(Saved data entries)
:::
lemma unbalanced_chord_tilt:
  assumes v: "norm v = 1" and w: "norm w = 1" "inner v w = 0"
    and p: "p \<in> K" and level: "0 < cut_area v (inner p v)"
    and lower: "\<And>y. y \<in> K \<Longrightarrow> inner (y - p) v = 0 \<Longrightarrow> - r \<le> inner (y - p) w"
    and e: "e \<in> K" "inner (e - p) v = 0" "r < inner (e - p) w"
  obtains n where "n \<noteq> 0" "measure lebesgue (K \<inter> {x. inner (x - p) n \<le> 0}) < cut_area v (inner p v)"
proof -
  define \<rho> where "\<rho> = inner (e - p) w"
  have "0 \<le> r" using lower[OF p] by simp
  obtain z where z: "z \<in> K" "inner z v < inner p v" by (rule cut_area_pos_imp_below[OF v level])
  define d sz where "d = inner (p - z) v" and "sz = inner (z - p) w"
  have d: "0 < d" "inner (z - p) v = - d" using z(2) by (simp_all add: d_def inner_diff_left)
  define L \<kappa> where "L = (r + \<rho>) / 2" and "\<kappa> = (1 + (L / \<rho>)\<^sup>2) / 2"
  have L: "r < L" "L < \<rho>" "0 < L" using e(3) \<open>0 \<le> r\<close> by (simp_all add: L_def \<rho>_def)
  then have "(L / \<rho>)\<^sup>2 < 1" by (simp add: power_less_one_iff)
  moreover have "\<kappa> * \<rho>\<^sup>2 = (\<rho>\<^sup>2 + L\<^sup>2) / 2" using L by (simp add: \<kappa>_def field_simps)
  ultimately have \<kappa>: "0 < \<kappa>" "\<kappa> < 1" "L\<^sup>2 < \<kappa> * \<rho>\<^sup>2"
    using L by (simp_all add: \<kappa>_def add_pos_nonneg power_strict_mono)
  have "\<forall>\<^sub>F \<tau> in at_right 0. 0 < \<tau> \<and> \<tau> * (8 * radius\<^sup>2) < (L - r) * d \<and> \<tau> * (\<kappa> * \<rho>) < d
      \<and> \<tau> * (\<kappa> * \<rho> * (\<rho> - sz)) < (1 - \<kappa>) * \<rho> * d"
    using L d \<kappa> by (intro eventually_conj eventually_at_right_less eventually_at_right_0_mult_less) auto
  then obtain \<tau> where \<tau>: "0 < \<tau>" "\<tau> * (8 * radius\<^sup>2) < (L - r) * d" "\<tau> * (\<kappa> * \<rho>) < d"
      "\<tau> * (\<kappa> * \<rho> * (\<rho> - sz)) < (1 - \<kappa>) * \<rho> * d"
    using eventually_happens'[OF trivial_limit_at_right_real] by blast
  \<comment> \<open>q lies below the section, at depth \<kappa>\<tau>\<rho> under e, yet above the line tilted by \<tau>.\<close>
  define \<mu> where "\<mu> = \<kappa> * \<tau> * \<rho> / d"
  have \<mu>: "0 < \<mu>" "\<mu> < 1" "\<mu> * (\<rho> - sz) < (1 - \<kappa>) * \<rho>" "\<mu> * d = \<kappa> * \<tau> * \<rho>"
    using \<tau> \<kappa> L d by (simp_all add: \<mu>_def field_simps)
  define q where "q = (1 - \<mu>) *\<^sub>R e + \<mu> *\<^sub>R z"
  have qK: "q \<in> K" unfolding q_def using e(1) z(1) \<mu> by (intro convexD[OF convex_K]) auto
  have "q - p = (1 - \<mu>) *\<^sub>R (e - p) + \<mu> *\<^sub>R (z - p)" by (simp add: q_def algebra_simps)
  then have q: "inner (q - p) v = - (\<kappa> * \<tau> * \<rho>)" "inner (q - p) w = (1 - \<mu>) * \<rho> + \<mu> * sz"
    using e(2) d(2) \<mu>(4) by (simp_all add: inner_add_left \<rho>_def sz_def)
  have "inner (q - p) (v + \<tau> *\<^sub>R w) = \<tau> * ((1 - \<kappa>) * \<rho> - \<mu> * (\<rho> - sz))"
    unfolding inner_add_right inner_scaleR_right q by (simp add: algebra_simps)
  then have "0 < inner (q - p) (v + \<tau> *\<^sub>R w)" using \<mu>(3) \<tau>(1) by simp
  moreover have "0 < inner (e - p) w" "0 < \<kappa> * \<tau> * \<rho>" using L \<kappa> \<tau> by (simp_all add: \<rho>_def)
  ultimately have "measure lebesgue (K \<inter> {x. inner (x - p) (v + \<tau> *\<^sub>R w) \<le> 0}) \<le>
      cut_area v (inner p v) - \<rho> * (\<kappa> * \<tau> * \<rho>) / 2 + \<tau> * L\<^sup>2 / 2"
    unfolding \<rho>_def
    by (intro tilted_cut_measure_le[OF v w p z(1) d lower \<tau>(1) less_imp_le[OF \<tau>(2)] e(1,2) _ qK
      q(1)[unfolded \<rho>_def]])
  also have "\<dots> < cut_area v (inner p v)" using \<kappa>(3) \<tau>(1) by (simp add: power2_eq_square mult.left_commute)
  finally have "measure lebesgue (K \<inter> {x. inner (x - p) (v + \<tau> *\<^sub>R w) \<le> 0}) < cut_area v (inner p v)" .
  moreover have "inner v (v + \<tau> *\<^sub>R w) = 1" using v w by (simp add: inner_add_right dot_square_norm)
  ultimately show ?thesis using that[of "v + \<tau> *\<^sub>R w"] by fastforce
qed

lemma cut_area_normalize:
  assumes "n \<noteq> 0"
  shows "cut_area (n /\<^sub>R norm n) (inner p (n /\<^sub>R norm n)) = measure lebesgue (K \<inter> {x. inner (x - p) n \<le> 0})"
proof -
  have "{x. inner x (n /\<^sub>R norm n) \<le> inner p (n /\<^sub>R norm n)} = {x. inner (x - p) n \<le> 0}"
    using assms by (auto simp: divide_le_cancel inner_diff_left)
  then show ?thesis by (simp add: cut_area_def)
qed

lemma core_section_chord_le:
  assumes a: "0 < a" and v: "norm v = 1" and w: "norm w = 1" "inner v w = 0"
    and p: "p \<in> core a" and level: "cut_area v (inner p v) = a * area"
    and lower: "\<And>y. y \<in> K \<Longrightarrow> inner (y - p) v = 0 \<Longrightarrow> - r \<le> inner (y - p) w"
    and e: "e \<in> K" "inner (e - p) v = 0"
  shows "inner (e - p) w \<le> r"
proof (rule ccontr)
  assume "\<not> inner (e - p) w \<le> r"
  moreover have "0 < cut_area v (inner p v)" using level a area_pos by simp
  moreover have "p \<in> K" using p core_subset[OF a] by blast
  ultimately obtain n where n: "n \<noteq> 0" "measure lebesgue (K \<inter> {x. inner (x - p) n \<le> 0}) < a * area"
    using unbalanced_chord_tilt[OF v w _ _ lower e] level by (metis not_le)
  then show False
    using core_cut_area_ge[OF p, of "n /\<^sub>R norm n"] cut_area_normalize[OF n(1), of p] by simp
qed

lemma core_section_midpoint:
  assumes a: "0 < a" and v: "norm v = 1" and w: "norm w = 1" "inner v w = 0"
    and p: "p \<in> core a" and level: "cut_area v (inner p v) = a * area"
    and e1: "e1 \<in> K" "inner e1 v = inner p v" and e2: "e2 \<in> K" "inner e2 v = inner p v"
    and extreme: "\<And>y. y \<in> K \<Longrightarrow> inner y v = inner p v \<Longrightarrow> inner e1 w \<le> inner y w \<and> inner y w \<le> inner e2 w"
  shows "2 * inner p w = inner e1 w + inner e2 w"
proof -
  have "inner (e2 - p) w \<le> inner (p - e1) w"
    using extreme e1 e2
    by (intro core_section_chord_le[OF a v w p level]) (auto simp: inner_diff_left)
  moreover have "inner (e1 - p) (- w) \<le> inner (e2 - p) w"
    using extreme e1 e2 w
    by (intro core_section_chord_le[OF a v _ _ p level]) (auto simp: inner_diff_left)
  ultimately show ?thesis by (simp add: inner_diff_left)
qed

lemma core_points_on_section_eq:
  assumes a: "0 < a" and v: "norm v = 1"
    and p: "p \<in> core a" "p' \<in> core a" "inner p' v = inner p v"
    and level: "cut_area v (inner p v) = a * area"
  shows "p = p'"
proof -
  obtain w where w: "norm w = 1" "inner v w = 0" by (rule unit_vec2_orthogonal_unit[OF v])
  define C where "C = K \<inter> {x. inner x v = inner p v}"
  have "compact C" unfolding C_def
    using closed_hyperplane[of v "inner p v"] by (intro compact_Int_closed compact_K) (simp add: inner_commute)
  moreover have "p \<in> C" using p core_subset[OF a] by (auto simp: C_def)
  moreover have "continuous_on C (\<lambda>x. inner x w)" by (intro continuous_intros)
  ultimately obtain e1 e2 where "e1 \<in> C" "\<forall>y\<in>C. inner e1 w \<le> inner y w" "e2 \<in> C" "\<forall>y\<in>C. inner y w \<le> inner e2 w"
    using continuous_attains_inf[of C "\<lambda>x. inner x w"] continuous_attains_sup[of C "\<lambda>x. inner x w"] by blast
  then have "2 * inner p w = inner e1 w + inner e2 w" "2 * inner p' w = inner e1 w + inner e2 w"
    using p level by (auto simp: C_def intro!: core_section_midpoint[OF a v w])
  then have "inner p w = inner p' w" by simp
  then have "inner (p - p') w *\<^sub>R w + inner (p - p') v *\<^sub>R v = 0"
    using p(3) by (simp add: inner_diff_left)
  then show ?thesis using orthonormal_vec2_expand[OF v w, of "p - p'"] by simp
qed
(* Let $H$ be a separable complex Hilbert space, $(\Omega,\mu)$ a measure space with positive measure, let $K\in B(H)$ have closed range, and let $F:\Omega\to H$ be a Parseval continuous $K$-frame of $H$ with a dual continuous $K$-Bessel sequence $G$. Then $G$ is the canonical dual continuous $K$-Bessel sequence $K^{\dagger}F$ of $F$ if and only if $T_G^{\ast}T_G=T_G^{\ast}T_{Q}$ for every dual continuous $K$-Bessel sequence $Q$ of $F$, where $T_G$ and $T_Q$ denote the analysis operators of $G$ and $Q$.
   Context: A map $F:\Omega\to H$ is weakly measurable if $\omega\mapsto\langle f,F(\omega)\rangle$ is measurable for every $f\in H$. A continuous Bessel sequence is a weakly measurable $G$ with $\int_\Omega|\langle f,G(\omega)\rangle|^2\,d\mu(\omega)\le B\|f\|^2$ for all $f\in H$, for some $B>0$; its analysis operator is $T_G:H\to L^2(\Omega,\mu)$, $T_Gf=\{\langle f,G(\omega)\rangle\}_{\omega}$. A Parseval continuous $K$-frame is a weakly measurable $F$ with $\int_\Omega|\langle f,F(\omega)\rangle|^2\,d\mu(\omega)=\|K^{\ast}f\|^2$ for all $f\in H$. A dual continuous $K$-Bessel sequence of $F$ is a continuous Bessel sequence $G$ with $Kf=\int_\Omega\langle f,G(\omega)\rangle F(\omega)\,d\mu(\omega)$ for all $f\in H$. $K^{\dagger}$ is the Moore–Penrose pseudo-inverse of $K$; the canonical dual continuous $K$-Bessel sequence of $F$ is $K^{\dagger}F$, which is a dual continuous $K$-Bessel sequence of $F$ whose analysis operator has minimal norm among all such duals. (The paper uses the letter $H$ both for the Hilbert space and for the arbitrary dual; here the arbitrary dual is called $Q$.) *)

theory Defs
  imports "HOL-Analysis.Analysis" "HOL-Probability.Probability"
begin

class complex_inner_space = real_normed_vector +
  fixes scaleC :: "complex \<Rightarrow> 'a \<Rightarrow> 'a"
    and cinner :: "'a \<Rightarrow> 'a \<Rightarrow> complex"
  assumes scaleC_add_right: "scaleC c (x + y) = scaleC c x + scaleC c y"
    and scaleC_add_left: "scaleC (c + d) x = scaleC c x + scaleC d x"
    and scaleC_scaleC: "scaleC c (scaleC d x) = scaleC (c * d) x"
    and scaleC_one: "scaleC 1 x = x"
    and scaleR_scaleC: "scaleR r x = scaleC (complex_of_real r) x"
    and cinner_add_left: "cinner (x + y) z = cinner x z + cinner y z"
    and cinner_scaleC_left: "cinner (scaleC c x) y = c * cinner x y"
    and cinner_commute: "cinner y x = cnj (cinner x y)"
    and cinner_self_norm: "cinner x x = complex_of_real ((norm x)\<^sup>2)"

class complex_hilbert_space = complex_inner_space + complete_space

definition separable_hilbert :: "'h::complex_hilbert_space itself \<Rightarrow> bool" where
  "separable_hilbert _ \<longleftrightarrow> separable_space (euclidean :: 'h topology)"

definition bounded_clinear :: "('h::complex_inner_space \<Rightarrow> 'k::complex_inner_space) \<Rightarrow> bool" where
  "bounded_clinear T \<longleftrightarrow>
     (\<forall>x y. T (x + y) = T x + T y) \<and> (\<forall>c x. T (scaleC c x) = scaleC c (T x)) \<and>
     (\<exists>C. \<forall>x. norm (T x) \<le> norm x * C)"

definition cadjoint :: "('h::complex_inner_space \<Rightarrow> 'h) \<Rightarrow> ('h \<Rightarrow> 'h)" where
  "cadjoint T = (SOME S. \<forall>x y. cinner (T x) y = cinner x (S y))"

definition selfadjoint_op :: "('h::complex_inner_space \<Rightarrow> 'h) \<Rightarrow> bool" where
  "selfadjoint_op P \<longleftrightarrow> (\<forall>x y. cinner (P x) y = cinner x (P y))"

definition moore_penrose :: "('h::complex_hilbert_space \<Rightarrow> 'h) \<Rightarrow> ('h \<Rightarrow> 'h)" where
  "moore_penrose K = (THE Kd. bounded_clinear Kd \<and>
      K \<circ> Kd \<circ> K = K \<and> Kd \<circ> K \<circ> Kd = Kd \<and>
      selfadjoint_op (K \<circ> Kd) \<and> selfadjoint_op (Kd \<circ> K))"

definition weakly_measurable :: "'o measure \<Rightarrow> ('o \<Rightarrow> 'h::complex_inner_space) \<Rightarrow> bool" where
  "weakly_measurable M F \<longleftrightarrow> (\<forall>f. (\<lambda>\<omega>. cinner f (F \<omega>)) \<in> borel_measurable M)"

definition cont_bessel :: "'o measure \<Rightarrow> ('o \<Rightarrow> 'h::complex_inner_space) \<Rightarrow> bool" where
  "cont_bessel M G \<longleftrightarrow> weakly_measurable M G \<and>
     (\<exists>B>0. \<forall>f. (\<integral>\<^sup>+\<omega>. ennreal ((cmod (cinner f (G \<omega>)))\<^sup>2) \<partial>M) \<le> ennreal (B * (norm f)\<^sup>2))"

definition parseval_cont_K_frame ::
    "'o measure \<Rightarrow> ('h::complex_inner_space \<Rightarrow> 'h) \<Rightarrow> ('o \<Rightarrow> 'h) \<Rightarrow> bool" where
  "parseval_cont_K_frame M K F \<longleftrightarrow> weakly_measurable M F \<and>
     (\<forall>f. (\<integral>\<^sup>+\<omega>. ennreal ((cmod (cinner f (F \<omega>)))\<^sup>2) \<partial>M) = ennreal ((norm (cadjoint K f))\<^sup>2))"

text \<open>G is a dual continuous K-Bessel sequence of F:
  K f = \<integral> <f, G w> F w d\<mu>(w), the integral taken in the weak sense.\<close>
definition dual_cont_K_bessel ::
    "'o measure \<Rightarrow> ('h::complex_inner_space \<Rightarrow> 'h) \<Rightarrow> ('o \<Rightarrow> 'h) \<Rightarrow> ('o \<Rightarrow> 'h) \<Rightarrow> bool" where
  "dual_cont_K_bessel M K F G \<longleftrightarrow> cont_bessel M G \<and>
     (\<forall>f h. cinner (K f) h = (LINT \<omega>|M. cinner f (G \<omega>) * cinner (F \<omega>) h))"

text \<open>Inner product of L^2(\<Omega>,\<mu>) (on representatives).\<close>
definition l2_inner :: "'o measure \<Rightarrow> ('o \<Rightarrow> complex) \<Rightarrow> ('o \<Rightarrow> complex) \<Rightarrow> complex" where
  "l2_inner M u v = (LINT \<omega>|M. u \<omega> * cnj (v \<omega>))"

definition analysis_op :: "('o \<Rightarrow> 'h::complex_inner_space) \<Rightarrow> 'h \<Rightarrow> ('o \<Rightarrow> complex)" where
  "analysis_op G f = (\<lambda>\<omega>. cinner f (G \<omega>))"

definition analysis_adj :: "'o measure \<Rightarrow> ('o \<Rightarrow> 'h::complex_inner_space) \<Rightarrow> ('o \<Rightarrow> complex) \<Rightarrow> 'h" where
  "analysis_adj M G u = (THE x. \<forall>h. cinner x h = l2_inner M u (analysis_op G h))"

end

theory Submission
  imports Defs
begin

text \<open>
  Write \<open>S(A,B)(f,h) = \<integral> \<langle>f, A \<omega>\<rangle> \<langle>B \<omega>, h\<rangle> d\<mu>\<close> (\<open>cross_form\<close>), which for
  Bessel families is \<open>\<langle>T\<^sub>B\<^sup>* T\<^sub>A f, h\<rangle>\<close>. The Parseval identity gives
  \<open>S(F,F)(g,h) = \<langle>K\<^sup>* g, K\<^sup>* h\<rangle>\<close> by polarization, so for the canonical dual
  \<open>P = K\<^sup>\<dagger> F\<close> and every dual \<open>Q\<close> both \<open>S(Q,P)\<close> and \<open>S(P,Q)\<close> equal
  \<open>\<langle>K\<^sup>\<dagger> K f, h\<rangle>\<close>, as \<open>K\<^sup>\<dagger> K\<close> is self-adjoint. Hence \<open>G = P\<close> a.e. makes
  \<open>T\<^sub>G\<^sup>* T\<^sub>G\<close> and \<open>T\<^sub>G\<^sup>* T\<^sub>Q\<close> both equal to \<open>K\<^sup>\<dagger> K\<close>.
  Conversely, the hypothesis for \<open>Q = P\<close> gives \<open>S(G,G) = S(P,G)\<close>, so the four forms
  built from \<open>G\<close> and \<open>P\<close> agree and \<open>\<integral> |\<langle>f, G \<omega>\<rangle> - \<langle>f, P \<omega>\<rangle>|\<^sup>2 d\<mu> = 0\<close> for
  every \<open>f\<close>; on a countable dense set of \<open>f\<close> this yields \<open>G = P\<close> a.e.

  That \<open>K\<^sup>\<dagger>\<close> exists as a bounded operator rests on the closed range: by Baire's theorem
  \<open>K\<close> is bounded below on the orthogonal complement of its kernel.
\<close>

section \<open>Complex inner product spaces\<close>

subclass (in complex_hilbert_space) banach ..

lemma cinner_add_right: "cinner x (y + z) = cinner x y + cinner x z"
  by (metis cinner_commute cinner_add_left complex_cnj_add)

lemma cinner_scaleC_right: "cinner x (scaleC c y) = cnj c * cinner x y"
  by (metis cinner_commute cinner_scaleC_left complex_cnj_mult complex_cnj_cnj)

lemma cinner_diff_left: "cinner (x - y) z = cinner x z - cinner y z"
  using cinner_add_left[of "x - y" y z] by simp

lemma cinner_diff_right: "cinner x (y - z) = cinner x y - cinner x z"
  using cinner_add_right[of x "y - z" z] by simp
:::
> [TASK ITEM]:
The answer is the run of lines above from the line containing "using core_cut_area_ge[OF p, of" through the line containing "using extreme e1 e2 w", copied exactly and alone.

> [YOUR RESPONSE]:
    using core_cut_area_ge[OF p, of "n /\<^sub>R norm n"] cut_area_normalize[OF n(1), of p] by simp
qed

lemma core_section_midpoint:
  assumes a: "0 < a" and v: "norm v = 1" and w: "norm w = 1" "inner v w = 0"
    and p: "p \<in> core a" and level: "cut_area v (inner p v) = a * area"
    and e1: "e1 \<in> K" "inner e1 v = inner p v" and e2: "e2 \<in> K" "inner e2 v = inner p v"
    and extreme: "\<And>y. y \<in> K \<Longrightarrow> inner y v = inner p v \<Longrightarrow> inner e1 w \<le> inner y w \<and> inner y w \<le> inner e2 w"
  shows "2 * inner p w = inner e1 w + inner e2 w"
proof -
  have "inner (e2 - p) w \<le> inner (p - e1) w"
    using extreme e1 e2
    by (intro core_section_chord_le[OF a v w p level]) (auto simp: inner_diff_left)
  moreover have "inner (e1 - p) (- w) \<le> inner (e2 - p) w"
    using extreme e1 e2 w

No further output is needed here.